If we look at a typical operating system, we see it exploit a type of parallelism called task parallelism. The processes are diverse and unrelated. A user might be reading an article on a website while playing music from his or her music library in the background. More than one CPU core can be exploited by running each application on a different core.
In terms of parallel programming, this can be exploited by writing a program as a number of sections that “pipe” (send via messages) the information from one application to another. The Linux pipe operator (the j symbol) does just this, via the operating system. The output of one program, such as grep, is the input of the next, such as sort. Thus, a set of input files can be easily scanned for a certain set of characters (the grep program) and that output set then sorted (the sort program). Each program can be scheduled to a separate CPU core.
This pattern of parallelism is known as pipeline parallelism. The output on one program provides the input for the next. With a diverse set of components, such as the various text-based tools in Linux, a huge variety of useful functions can be performed by the user. As the programmer cannot know at the outset everyone’s needs, by providing components that operate together and can be connected easily, the programmer can target a very wide and diverse user base.
This type of parallelism is very much geared toward coarse-grained parallelism. That is, there are a number of powerful processors, each of which can perform a significant chunk of work.
In terms of GPUs we see coarse-grained parallelism only in terms of a GPU card and the execution of GPU kernels. GPUs support the pipeline parallelism pattern in two ways. First, kernels can be pushed into a single stream and separate streams executed concurrently. Second, multiple GPUs can work together directly through either passing data via the host or passing data via messages directly to one another over the PCI-E bus. This latter approach, the peer-to-peer (P2P) mechanism, was intro- duced in the CUDA 4.x SDK and requires certain OS/hardware/driver-level support.

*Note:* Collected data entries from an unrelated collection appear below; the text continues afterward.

lemma graded_identity_if_vanishes_on_test_substs:
  fixes f :: "mon \<Rightarrow> 'f::field_char_0"
  assumes "f \<in> Ppoly n"
    and "\<forall>\<sigma>\<in>test_substs t k n. \<forall>i<2*t. \<forall>j<2*t. evalP (2*t) k n \<sigma> f i j = 0"
  shows "graded_identity (2*t) (S0 \<iota> t) (S1 \<iota> t) k n f"
  unfolding graded_identity_def
proof (intro conjI allI impI)
  show "f \<in> Ppoly n" by fact
  fix s :: "nat \<Rightarrow> 'f mat"
  assume s: "(\<forall>i<k. s i \<in> S0 \<iota> t) \<and> (\<forall>i. k \<le> i \<and> i < n \<longrightarrow> s i \<in> S1 \<iota> t)"
  have "s i \<in> mspan (diag_gens t k i \<union> raising_units t)" if "i < n" for i
  proof (cases "i < k")
    case True
    then have "s i \<in> S0 \<iota> t" using s by simp
    then have "s i \<in> mspan (even_diags t \<union> raising_units t)" using S0_subset_mspan by blast
    then show ?thesis using True by (simp add: diag_gens_def)
  next
    case False
    then have "s i \<in> S1 \<iota> t" using s that by simp
    then have "s i \<in> mspan (odd_diags t \<union> raising_units t)" using S1_subset_mspan by blast
    then show ?thesis using False by (simp add: diag_gens_def)
  qed
  then have "\<forall>i<n. s i \<in> mspan (diag_gens t k i \<union> raising_units t)" by blast
  then show "evalP (2*t) k n s f = (\<lambda>i j. 0)"
    using evalP_gens_zero_if_vanishes_on_test_substs[OF assms(2)] by (rule evalP_zero_on_mspans[rotated])
qed

lemma card_bounded_subsets: "card {T. T \<subseteq> {..<n::nat} \<and> card T \<le> K} \<le> (n + 1) ^ K"
proof -
  let ?L = "{xs. set xs \<subseteq> {..<n+1} \<and> length xs = K}"
  have "{T. T \<subseteq> {..<n} \<and> card T \<le> K} \<subseteq> (\<lambda>xs. set xs - {n}) ` ?L"
  proof
    fix T assume "T \<in> {T. T \<subseteq> {..<n} \<and> card T \<le> K}"
    then have T: "T \<subseteq> {..<n}" "card T \<le> K" by auto
    then have "finite T" using finite_subset by blast
    define xs where "xs = sorted_list_of_set T @ replicate (K - card T) n"
    have "set xs \<subseteq> {..<n+1}" "length xs = K" "set xs - {n} = T"
      using \<open>finite T\<close> T by (auto simp: xs_def)
    then show "T \<in> (\<lambda>xs. set xs - {n}) ` ?L" by force
  qed
  then have "card {T. T \<subseteq> {..<n} \<and> card T \<le> K} \<le> card ((\<lambda>xs. set xs - {n}) ` ?L)"
    by (intro card_mono) (simp_all add: finite_lists_length_eq)
  also have "\<dots> \<le> card ?L" by (rule card_image_le) (simp add: finite_lists_length_eq)
  also have "\<dots> = (n + 1) ^ K" by (simp add: card_lists_length_eq)
  finally show ?thesis .
qed

lemma card_PiE_if_le:
  fixes H :: "nat \<Rightarrow> 'a set"
  assumes "finite U" "T \<subseteq> {..<n}"
    and "\<And>i. i < n \<Longrightarrow> finite (H i)" "\<And>i. i < n \<Longrightarrow> H i \<noteq> {}"
  shows "card (PiE {..<n} (\<lambda>i. if i \<in> T then U else H i))
    \<le> (card U + 1) ^ card T * (\<Prod>i<n. card (H i))"
proof -
  have "card (PiE {..<n} (\<lambda>i. if i \<in> T then U else H i))
      = (\<Prod>i<n. card (if i \<in> T then U else H i))"
    by (simp add: card_PiE)
  also have "\<dots> \<le> (\<Prod>i<n. (if i \<in> T then card U + 1 else 1) * card (H i))"
  proof (rule prod_mono)
    fix i assume "i \<in> {..<n}"
    then have "1 \<le> card (H i)" using assms(3,4) by (simp add: Suc_le_eq card_gt_0_iff)
    then have "card U \<le> (card U + 1) * card (H i)"
      using mult_le_mono2[of 1 "card (H i)" "card U + 1"] by simp
    then show "0 \<le> card (if i \<in> T then U else H i) \<and>
        card (if i \<in> T then U else H i) \<le> (if i \<in> T then card U + 1 else 1) * card (H i)"
      by simp
  qed
  also have "(\<Prod>i<n. (if i \<in> T then card U + 1 else 1)) = (\<Prod>i\<in>{..<n} \<inter> T. card U + 1)"
    by (rule prod.inter_restrict[symmetric]) simp
  then have "(\<Prod>i<n. (if i \<in> T then card U + 1 else 1) * card (H i))
      = (card U + 1) ^ card T * (\<Prod>i<n. card (H i))"
    using assms(2) by (simp add: prod.distrib Int_absorb1)
  finally show ?thesis .
qed
lemma tangentially_nsd_trace_inequality:
  fixes H :: "real^'n^'n" and g :: "real^'n"
  assumes sym: "transpose H = H" and "g \<noteq> 0"
    and nsd: "\<And>w. w \<bullet> g = 0 \<Longrightarrow> w \<bullet> (H *v w) \<le> 0"
  shows "2 * (trace H * (g \<bullet> (H *v g)) - (H *v g) \<bullet> (H *v g))
           \<le> (g \<bullet> g) * ((trace H)\<^sup>2 - (\<Sum>i\<in>UNIV. \<Sum>j\<in>UNIV. (H$i$j)\<^sup>2))"
proof -
  define B where "B = - tangential_part H g"
  have "transpose B = B"
    using sym by (simp add: B_def tangential_part_def vec_eq_iff transpose_def algebra_simps)
  moreover have "0 \<le> w \<bullet> (B *v w)" for w
  proof -
    define u where "u = (g \<bullet> g) *\<^sub>R w - (w \<bullet> g) *\<^sub>R g"
    have "u \<bullet> g = 0" by (simp add: u_def algebra_simps inner_commute)
    moreover have "w \<bullet> (B *v w) = - (u \<bullet> (H *v u))"
      using tangential_part_quad_form[OF sym u_def]
      by (simp add: B_def vec_eq_iff matrix_vector_mult_def inner_vec_def sum_negf)
    ultimately show ?thesis using nsd[of u] by simp
  qed
  ultimately have "(\<Sum>i\<in>UNIV. \<Sum>j\<in>UNIV. (B$i$j)\<^sup>2) \<le> (trace B)\<^sup>2"
    by (rule psd_frobenius_le_trace_sq)
  moreover have "trace B = - trace (tangential_part H g)"
    by (simp add: B_def trace_def sum_negf)
  moreover have "(\<Sum>i\<in>UNIV. \<Sum>j\<in>UNIV. (B$i$j)\<^sup>2) = (\<Sum>i\<in>UNIV. \<Sum>j\<in>UNIV. (tangential_part H g $ i $ j)\<^sup>2)"
    by (simp add: B_def)
  ultimately have "(g \<bullet> g)^4 * (\<Sum>i\<in>UNIV. \<Sum>j\<in>UNIV. (H$i$j)\<^sup>2)
      - 2 * (g \<bullet> g)^3 * ((H *v g) \<bullet> (H *v g)) + (g \<bullet> g)\<^sup>2 * (g \<bullet> (H *v g))\<^sup>2
      \<le> ((g \<bullet> g)\<^sup>2 * trace H - (g \<bullet> g) * (g \<bullet> (H *v g)))\<^sup>2"
    by (simp add: frobenius_tangential_part[OF sym] trace_tangential_part) (metis power2_commute)
  then have "(g \<bullet> g)^3 * 0 \<le> (g \<bullet> g)^3 * ((g \<bullet> g) * ((trace H)\<^sup>2 - (\<Sum>i\<in>UNIV. \<Sum>j\<in>UNIV. (H$i$j)\<^sup>2))
      - 2 * (trace H * (g \<bullet> (H *v g)) - (H *v g) \<bullet> (H *v g)))"
    by (simp add: algebra_simps power2_eq_square power3_eq_cube power4_eq_xxxx)
  moreover have "0 < (g \<bullet> g)^3" using \<open>g \<noteq> 0\<close> by simp
  ultimately have "0 \<le> (g \<bullet> g) * ((trace H)\<^sup>2 - (\<Sum>i\<in>UNIV. \<Sum>j\<in>UNIV. (H$i$j)\<^sup>2))
      - 2 * (trace H * (g \<bullet> (H *v g)) - (H *v g) \<bullet> (H *v g))"
    by (rule mult_left_le_imp_le)
  then show ?thesis by simp
qed

section \<open>The divergence of the field\<close>

lemma sum_third_pd_swap:
  fixes T :: "'n::finite \<Rightarrow> 'n \<Rightarrow> 'n \<Rightarrow> real"
  assumes "\<And>i k. T i k k = T k k i"
  shows "(\<Sum>i\<in>UNIV. (\<Sum>k\<in>UNIV. T i k k) * g i) = (\<Sum>i\<in>UNIV. \<Sum>j\<in>UNIV. T i i j * g j)"
proof -
  have "(\<Sum>i\<in>UNIV. (\<Sum>k\<in>UNIV. T i k k) * g i) = (\<Sum>i\<in>UNIV. \<Sum>k\<in>UNIV. T k k i * g i)"
    unfolding sum_distrib_right by (intro sum.cong refl) (metis assms)
  also have "\<dots> = (\<Sum>k\<in>UNIV. \<Sum>i\<in>UNIV. T k k i * g i)" by (rule sum.swap)
  finally show ?thesis .
qed

lemma pd_field_component:
  fixes v :: "real^'n \<Rightarrow> real"
  assumes sm: "smooth_on U v" and x: "x \<in> U" and "grad v x \<noteq> 0"
  defines "g \<equiv> grad v x" and "H \<equiv> hessian v x"
  shows "pd i (\<lambda>y. ((1 / (norm (grad v y))\<^sup>2) *\<^sub>R
                  (laplacian v y *\<^sub>R grad v y - hessian v y *v grad v y)) $ i) x
    = (((\<Sum>k\<in>UNIV. pd i (pd k (pd k v)) x) * g$i + H$i$i * trace H
          - (\<Sum>j\<in>UNIV. pd i (pd i (pd j v)) x * g$j + H$i$j * H$i$j)) * (g \<bullet> g)
        - (trace H * g$i - (H *v g)$i) * (2 * (H *v g)$i)) / ((g \<bullet> g) * (g \<bullet> g))"
proof -
  have norm_grad: "(norm (grad v y))\<^sup>2 = (\<Sum>k\<in>UNIV. pd k v y * pd k v y)" for y
    by (simp add: power2_norm_eq_inner inner_vec_def grad_def)
  have component: "(\<lambda>y. ((1 / (norm (grad v y))\<^sup>2) *\<^sub>R
                  (laplacian v y *\<^sub>R grad v y - hessian v y *v grad v y)) $ i)
     = (\<lambda>y. ((\<Sum>k\<in>UNIV. pd k (pd k v) y) * pd i v y - (\<Sum>j\<in>UNIV. pd i (pd j v) y * pd j v y))
            / (\<Sum>k\<in>UNIV. pd k v y * pd k v y))"
    unfolding norm_grad by (simp add: fun_eq_iff laplacian_def matrix_vector_mult_def grad_def hessian_def)
  have d1: "((\<lambda>t. pd k v (x + t *\<^sub>R axis i 1)) has_real_derivative pd i (pd k v) x) (at 0)" for k
    using smooth_on_has_pd[OF sm x, of "[k]"] by simp
  have d2: "((\<lambda>t. pd k (pd l v) (x + t *\<^sub>R axis i 1)) has_real_derivative pd i (pd k (pd l v)) x) (at 0)"
    for k l
    using smooth_on_has_pd[OF sm x, of "[k, l]"] by simp
  have "g \<bullet> g \<noteq> 0" using \<open>grad v x \<noteq> 0\<close> by (simp add: g_def)
  then have "(\<Sum>k\<in>UNIV. pd k v x * pd k v x) \<noteq> 0" by (simp add: g_def grad_def inner_vec_def)
  then show ?thesis
    unfolding component
    apply (intro pd_eqI)
    apply (rule DERIV_cong)
     apply (rule DERIV_divide)
       apply (rule DERIV_diff DERIV_mult DERIV_sum d1 d2)+
    by (simp_all add: g_def H_def grad_def hessian_def trace_def inner_vec_def
        matrix_vector_mult_def algebra_simps sum.distrib sum_subtractf sum_distrib_left[of 2, symmetric])
qed

lemma divergence_formula:
  fixes v :: "real^'n \<Rightarrow> real"
  assumes sm: "smooth_on U v" and U: "open U" and x: "x \<in> U" and "grad v x \<noteq> 0"
  defines "g \<equiv> grad v x" and "H \<equiv> hessian v x"
  shows "divergence (\<lambda>y. (1 / (norm (grad v y))\<^sup>2) *\<^sub>R
                  (laplacian v y *\<^sub>R grad v y - hessian v y *v grad v y)) x
    = ((g \<bullet> g) * ((trace H)\<^sup>2 - (\<Sum>i\<in>UNIV. \<Sum>j\<in>UNIV. (H$i$j)\<^sup>2))
        - 2 * (trace H * (g \<bullet> (H *v g)) - (H *v g) \<bullet> (H *v g))) / (g \<bullet> g)\<^sup>2"
proof -
  define T where "T i k l = pd i (pd k (pd l v)) x" for i k l
  have "(\<Sum>i\<in>UNIV. (\<Sum>k\<in>UNIV. T i k k) * g$i + H$i$i * trace H - (\<Sum>j\<in>UNIV. T i i j * g$j + H$i$j * H$i$j))
      = (\<Sum>i\<in>UNIV. (\<Sum>k\<in>UNIV. T i k k) * g$i) - (\<Sum>i\<in>UNIV. \<Sum>j\<in>UNIV. T i i j * g$j)
        + (trace H)\<^sup>2 - (\<Sum>i\<in>UNIV. \<Sum>j\<in>UNIV. (H$i$j)\<^sup>2)"
    by (simp add: sum.distrib sum_subtractf trace_def sum_distrib_right[symmetric] power2_eq_square)
  also have "\<dots> = (trace H)\<^sup>2 - (\<Sum>i\<in>UNIV. \<Sum>j\<in>UNIV. (H$i$j)\<^sup>2)"
  proof -
    have "(\<Sum>i\<in>UNIV. (\<Sum>k\<in>UNIV. T i k k) * g$i) = (\<Sum>i\<in>UNIV. \<Sum>j\<in>UNIV. T i i j * g$j)"
      by (rule sum_third_pd_swap) (unfold T_def, rule smooth_on_third_pd_commute[OF sm U x])
    then show ?thesis by simp
  qed
  finally have sum_numerator:
    "(\<Sum>i\<in>UNIV. (\<Sum>k\<in>UNIV. T i k k) * g$i + H$i$i * trace H - (\<Sum>j\<in>UNIV. T i i j * g$j + H$i$j * H$i$j))
      = (trace H)\<^sup>2 - (\<Sum>i\<in>UNIV. \<Sum>j\<in>UNIV. (H$i$j)\<^sup>2)" .
  have sum_correction: "(\<Sum>i\<in>UNIV. (trace H * g$i - (H *v g)$i) * (2 * (H *v g)$i))
      = 2 * (trace H * (g \<bullet> (H *v g)) - (H *v g) \<bullet> (H *v g))"
    by (simp add: inner_vec_def algebra_simps sum.distrib sum_subtractf sum_distrib_left)
  have "divergence (\<lambda>y. (1 / (norm (grad v y))\<^sup>2) *\<^sub>R
                  (laplacian v y *\<^sub>R grad v y - hessian v y *v grad v y)) x
    = (\<Sum>i\<in>UNIV. (((\<Sum>k\<in>UNIV. T i k k) * g$i + H$i$i * trace H
          - (\<Sum>j\<in>UNIV. T i i j * g$j + H$i$j * H$i$j)) * (g \<bullet> g)
        - (trace H * g$i - (H *v g)$i) * (2 * (H *v g)$i)) / ((g \<bullet> g) * (g \<bullet> g)))"
    unfolding divergence_def T_def g_def H_def
    by (intro sum.cong refl pd_field_component[OF sm x \<open>grad v x \<noteq> 0\<close>])
  also have "\<dots> = ((\<Sum>i\<in>UNIV. (\<Sum>k\<in>UNIV. T i k k) * g$i + H$i$i * trace H
          - (\<Sum>j\<in>UNIV. T i i j * g$j + H$i$j * H$i$j)) * (g \<bullet> g)
        - (\<Sum>i\<in>UNIV. (trace H * g$i - (H *v g)$i) * (2 * (H *v g)$i))) / ((g \<bullet> g) * (g \<bullet> g))"
    by (simp only: sum_divide_distrib[symmetric] sum_subtractf sum_distrib_right[symmetric])
  also have "\<dots> = ((g \<bullet> g) * ((trace H)\<^sup>2 - (\<Sum>i\<in>UNIV. \<Sum>j\<in>UNIV. (H$i$j)\<^sup>2))
        - 2 * (trace H * (g \<bullet> (H *v g)) - (H *v g) \<bullet> (H *v g))) / (g \<bullet> g)\<^sup>2"
    unfolding sum_numerator sum_correction by (simp add: power2_eq_square mult.commute)
  finally show ?thesis .
qed
(* Let $OPT$ be the optimal value of Problem (A) and $ALG$ the system throughput of the assignment output by Algorithm 1 (described below). Then $ALG\ge \frac{1}{2}\mu\cdot OPT$, where $\mu$ is defined below with respect to any partition $(C_i)$ as in the definition.
   Context: Setting: SUs $S=\{s_1,\dots,s_N\}$, channels $\{1,\dots,M\}$; SU $s_i$ has integer sensing budget $0\le l_i\le M$, and $\sum_i l_i\ge M$. For each $i,k$ let $P_f^i(k),P_m^i(k)\in[0,1]$; let $T_c\in[0,1)$, $\pi_0(k)\in[0,1]$, $\gamma(k)>0$, $\theta_1(k)=(1-T_c)\pi_0(k)$, $\theta_2(k)=\gamma(k)(1-\pi_0(k))$. For nonempty $A\subseteq S$ and $y\in\{0,1\}^A$ put $P^k_0(y)=\prod_{s_i\in A,y_i=1}P_f^i(k)\prod_{s_i\in A,y_i=0}(1-P_f^i(k))$, $P^k_1(y)=\prod_{s_i\in A,y_i=1}(1-P_m^i(k))\prod_{s_i\in A,y_i=0}P_m^i(k)$, and $U_k(A)=\sum_{y}\max\{\theta_2(k)P^k_1(y),\theta_1(k)P^k_0(y)\}$; $U_k(\emptyset)=\theta_2(k)$. A sensing assignment $(S_1,\dots,S_M)$, $S_k\subseteq S$, is feasible if each $s_i$ lies in at most $l_i$ of the $S_k$. Problem (A): maximize $\sum_k U_k(S_k)$ over feasible assignments. Algorithm 1: Build the complete bipartite graph with vertices $s_i^j$ ($i=1..N$, $j=1..l_i$; copies of SU $s_i$) on one side and channels $c_1,\dots,c_M$ on the other, edge weights $w(s_i^j,c_k)=U_k(\{s_i\})$. Compute a maximum weight matching $\mathcal M$; set $S_k=\{s_i:(s_i^j,c_k)\in\mathcal M\}$. For each unmatched copy $s_i^j$ in arbitrary order, add $s_i$ to $S_{k^*}$ where $k^*$ maximizes $U_k(S_k\cup\{s_i\})-U_k(S_k)$ over channels $k$ with $s_i\notin S_k$. Let $U=\sum_k U_k(S_k)$. If $\max_k U_k(S)>U$, instead output the assignment $S_{k^*}=S$ for $k^*=\arg\max_k U_k(S)$ and $S_k=\emptyset$ for $k\ne k^*$; otherwise output $(S_1,\dots,S_M)$. Parameter $\mu$: let $U_k^0=\min_{s_i\in S}U_k(\{s_i\})$, $U_k^*=\max_{s_i\in S}U_k(\{s_i\})$. Partition the channels into groups $C_i$ ($s_i\in S$), each channel $k$ placed in a group $C_i$ with $U_k(\{s_i\})\ge U_k(\{s_j\})$ for all $j\neq i$ (ties broken arbitrarily); $r_i=|C_i|$. Let $C_i^{l_i}$ be the first $\min\{l_i,r_i\}$ channels of $C_i$ when sorted by $U_k^0$ in non-increasing order. For $r_i>0$ let $\lambda_i=\min\{l_i,r_i\}/r_i$ and, when $C_i^{l_i}\ne\emptyset$, $\rho_i=\min_{k\in C_i^{l_i}}U_k^*/U_k^0$. Then $\mu=1+\min_i\lambda_i(\rho_i-1)$ (so $\mu\in[1,2]$). *)

theory Defs
  imports Main "HOL.Real"
begin

text \<open>SUs are indexed by 0..<N, channels by 0..<M. Sets of SUs are nat sets.
  A vector y in {0,1}^A is encoded by the subset Y of A where y_i = 1.\<close>

definition theta1 :: "real \<Rightarrow> (nat \<Rightarrow> real) \<Rightarrow> nat \<Rightarrow> real" where
  "theta1 Tc pi0 k = (1 - Tc) * pi0 k"

definition theta2 :: "(nat \<Rightarrow> real) \<Rightarrow> (nat \<Rightarrow> real) \<Rightarrow> nat \<Rightarrow> real" where
  "theta2 gamma pi0 k = gamma k * (1 - pi0 k)"

definition P0 :: "(nat \<Rightarrow> nat \<Rightarrow> real) \<Rightarrow> nat \<Rightarrow> nat set \<Rightarrow> nat set \<Rightarrow> real" where
  "P0 Pf k A Y = (\<Prod>i\<in>Y. Pf i k) * (\<Prod>i\<in>A - Y. 1 - Pf i k)"

definition P1 :: "(nat \<Rightarrow> nat \<Rightarrow> real) \<Rightarrow> nat \<Rightarrow> nat set \<Rightarrow> nat set \<Rightarrow> real" where
  "P1 Pm k A Y = (\<Prod>i\<in>Y. 1 - Pm i k) * (\<Prod>i\<in>A - Y. Pm i k)"

definition Uk :: "(nat \<Rightarrow> nat \<Rightarrow> real) \<Rightarrow> (nat \<Rightarrow> nat \<Rightarrow> real) \<Rightarrow> real \<Rightarrow> (nat \<Rightarrow> real)
    \<Rightarrow> (nat \<Rightarrow> real) \<Rightarrow> nat \<Rightarrow> nat set \<Rightarrow> real" where
  "Uk Pf Pm Tc pi0 gamma k A =
     (if A = {} then theta2 gamma pi0 k
      else (\<Sum>Y\<in>Pow A. max (theta2 gamma pi0 k * P1 Pm k A Y) (theta1 Tc pi0 k * P0 Pf k A Y)))"

definition total :: "nat \<Rightarrow> (nat \<Rightarrow> nat set \<Rightarrow> real) \<Rightarrow> (nat \<Rightarrow> nat set) \<Rightarrow> real" where
  "total M U S = (\<Sum>k<M. U k (S k))"

definition feasible :: "nat \<Rightarrow> nat \<Rightarrow> (nat \<Rightarrow> nat) \<Rightarrow> (nat \<Rightarrow> nat set) \<Rightarrow> bool" where
  "feasible N M l S \<longleftrightarrow> (\<forall>k<M. S k \<subseteq> {..<N}) \<and> (\<forall>i<N. card {k\<in>{..<M}. i \<in> S k} \<le> l i)"

definition OPT :: "nat \<Rightarrow> nat \<Rightarrow> (nat \<Rightarrow> nat) \<Rightarrow> (nat \<Rightarrow> nat set \<Rightarrow> real) \<Rightarrow> real" where
  "OPT N M l U = Max {total M U S | S. feasible N M l S}"

definition copies :: "nat \<Rightarrow> (nat \<Rightarrow> nat) \<Rightarrow> (nat \<times> nat) set" where
  "copies N l = {c. fst c < N \<and> snd c < l (fst c)}"

definition is_matching :: "nat \<Rightarrow> nat \<Rightarrow> (nat \<Rightarrow> nat) \<Rightarrow> ((nat \<times> nat) \<times> nat) set \<Rightarrow> bool" where
  "is_matching N M l Mt \<longleftrightarrow>
     Mt \<subseteq> copies N l \<times> {..<M} \<and>
     (\<forall>c k k'. (c, k) \<in> Mt \<and> (c, k') \<in> Mt \<longrightarrow> k = k') \<and>
     (\<forall>c c' k. (c, k) \<in> Mt \<and> (c', k) \<in> Mt \<longrightarrow> c = c')"

definition mweight :: "(nat \<Rightarrow> nat set \<Rightarrow> real) \<Rightarrow> ((nat \<times> nat) \<times> nat) set \<Rightarrow> real" where
  "mweight U Mt = (\<Sum>(c, k)\<in>Mt. U k {fst c})"

definition max_weight_matching ::
  "nat \<Rightarrow> nat \<Rightarrow> (nat \<Rightarrow> nat) \<Rightarrow> (nat \<Rightarrow> nat set \<Rightarrow> real) \<Rightarrow> ((nat \<times> nat) \<times> nat) set \<Rightarrow> bool" where
  "max_weight_matching N M l U Mt \<longleftrightarrow>
     is_matching N M l Mt \<and> (\<forall>Mt'. is_matching N M l Mt' \<longrightarrow> mweight U Mt' \<le> mweight U Mt)"

definition gain :: "(nat \<Rightarrow> nat set \<Rightarrow> real) \<Rightarrow> (nat \<Rightarrow> nat set) \<Rightarrow> nat \<Rightarrow> nat \<Rightarrow> real" where
  "gain U S i k = U k (insert i (S k)) - U k (S k)"

inductive greedy_run ::
  "nat \<Rightarrow> (nat \<Rightarrow> nat set \<Rightarrow> real) \<Rightarrow> (nat \<Rightarrow> nat set) \<Rightarrow> (nat \<times> nat) list \<Rightarrow> (nat \<Rightarrow> nat set) \<Rightarrow> bool"
  for M U where
  greedy_nil: "greedy_run M U S [] S"
| greedy_cons: "\<lbrakk> k < M; fst c \<notin> S k;
     \<forall>k'<M. fst c \<notin> S k' \<longrightarrow> gain U S (fst c) k' \<le> gain U S (fst c) k;
     greedy_run M U (S(k := insert (fst c) (S k))) cs S' \<rbrakk>
   \<Longrightarrow> greedy_run M U S (c # cs) S'"

definition alg_output ::
  "nat \<Rightarrow> nat \<Rightarrow> (nat \<Rightarrow> nat) \<Rightarrow> (nat \<Rightarrow> nat set \<Rightarrow> real) \<Rightarrow> (nat \<Rightarrow> nat set) \<Rightarrow> bool" where
  "alg_output N M l U Sout \<longleftrightarrow>
     (\<exists>Mt ord Sg.
        max_weight_matching N M l U Mt \<and>
        distinct ord \<and> set ord = {c \<in> copies N l. \<not> (\<exists>k. (c, k) \<in> Mt)} \<and>
        greedy_run M U (\<lambda>k. {i. \<exists>j. ((i, j), k) \<in> Mt}) ord Sg \<and>
        (if (\<exists>k<M. U k {..<N} > total M U Sg)
         then (\<exists>ks<M. (\<forall>k<M. U k {..<N} \<le> U ks {..<N}) \<and>
                      Sout = (\<lambda>k. if k = ks then {..<N} else {}))
         else Sout = Sg))"

definition Ustar :: "nat \<Rightarrow> (nat \<Rightarrow> nat set \<Rightarrow> real) \<Rightarrow> nat \<Rightarrow> real" where
  "Ustar N U k = Max ((\<lambda>i. U k {i}) ` {..<N})"

definition Uzero :: "nat \<Rightarrow> (nat \<Rightarrow> nat set \<Rightarrow> real) \<Rightarrow> nat \<Rightarrow> real" where
  "Uzero N U k = Min ((\<lambda>i. U k {i}) ` {..<N})"

text \<open>A partition of channels into groups C_i is given by g: channel k lies in C_(g k).\<close>

definition grp :: "nat \<Rightarrow> (nat \<Rightarrow> nat) \<Rightarrow> nat \<Rightarrow> nat set" where
  "grp M g i = {k \<in> {..<M}. g k = i}"

definition valid_partition :: "nat \<Rightarrow> nat \<Rightarrow> (nat \<Rightarrow> nat set \<Rightarrow> real) \<Rightarrow> (nat \<Rightarrow> nat) \<Rightarrow> bool" where
  "valid_partition N M U g \<longleftrightarrow> (\<forall>k<M. g k < N \<and> (\<forall>j<N. U k {j} \<le> U k {g k}))"

text \<open>T i = C_i^{l_i}: the first min(l_i, r_i) channels of C_i in a non-increasing order
  of U_k^0 (ties broken arbitrarily).\<close>

definition valid_top ::
  "nat \<Rightarrow> nat \<Rightarrow> (nat \<Rightarrow> nat) \<Rightarrow> (nat \<Rightarrow> nat set \<Rightarrow> real) \<Rightarrow> (nat \<Rightarrow> nat) \<Rightarrow> (nat \<Rightarrow> nat set) \<Rightarrow> bool" where
  "valid_top N M l U g T \<longleftrightarrow>
     (\<forall>i<N. T i \<subseteq> grp M g i \<and> card (T i) = min (l i) (card (grp M g i)) \<and>
        (\<forall>k\<in>T i. \<forall>k'\<in>grp M g i - T i. Uzero N U k' \<le> Uzero N U k))"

One of the issues with a pipeline-based pattern is, like any production line, it can only run as fast as the slowest component. Thus, if the pipeline consists of five elements, each of which takes one second, we can produce one output per second. However, if just one of these elements takes two seconds, the throughput of the entire pipeline is reduced to one output every two seconds.
The approach to solving this is twofold. Let’s consider the production line analogy for a moment. Fred’s station takes two seconds because his task is complex. If we provide Fred with an assistant, Tim, and split his task in half with Tim, we’re back to one second per stage. We now have six stages instead of five, but the throughput of the pipeline is now again one widget per second.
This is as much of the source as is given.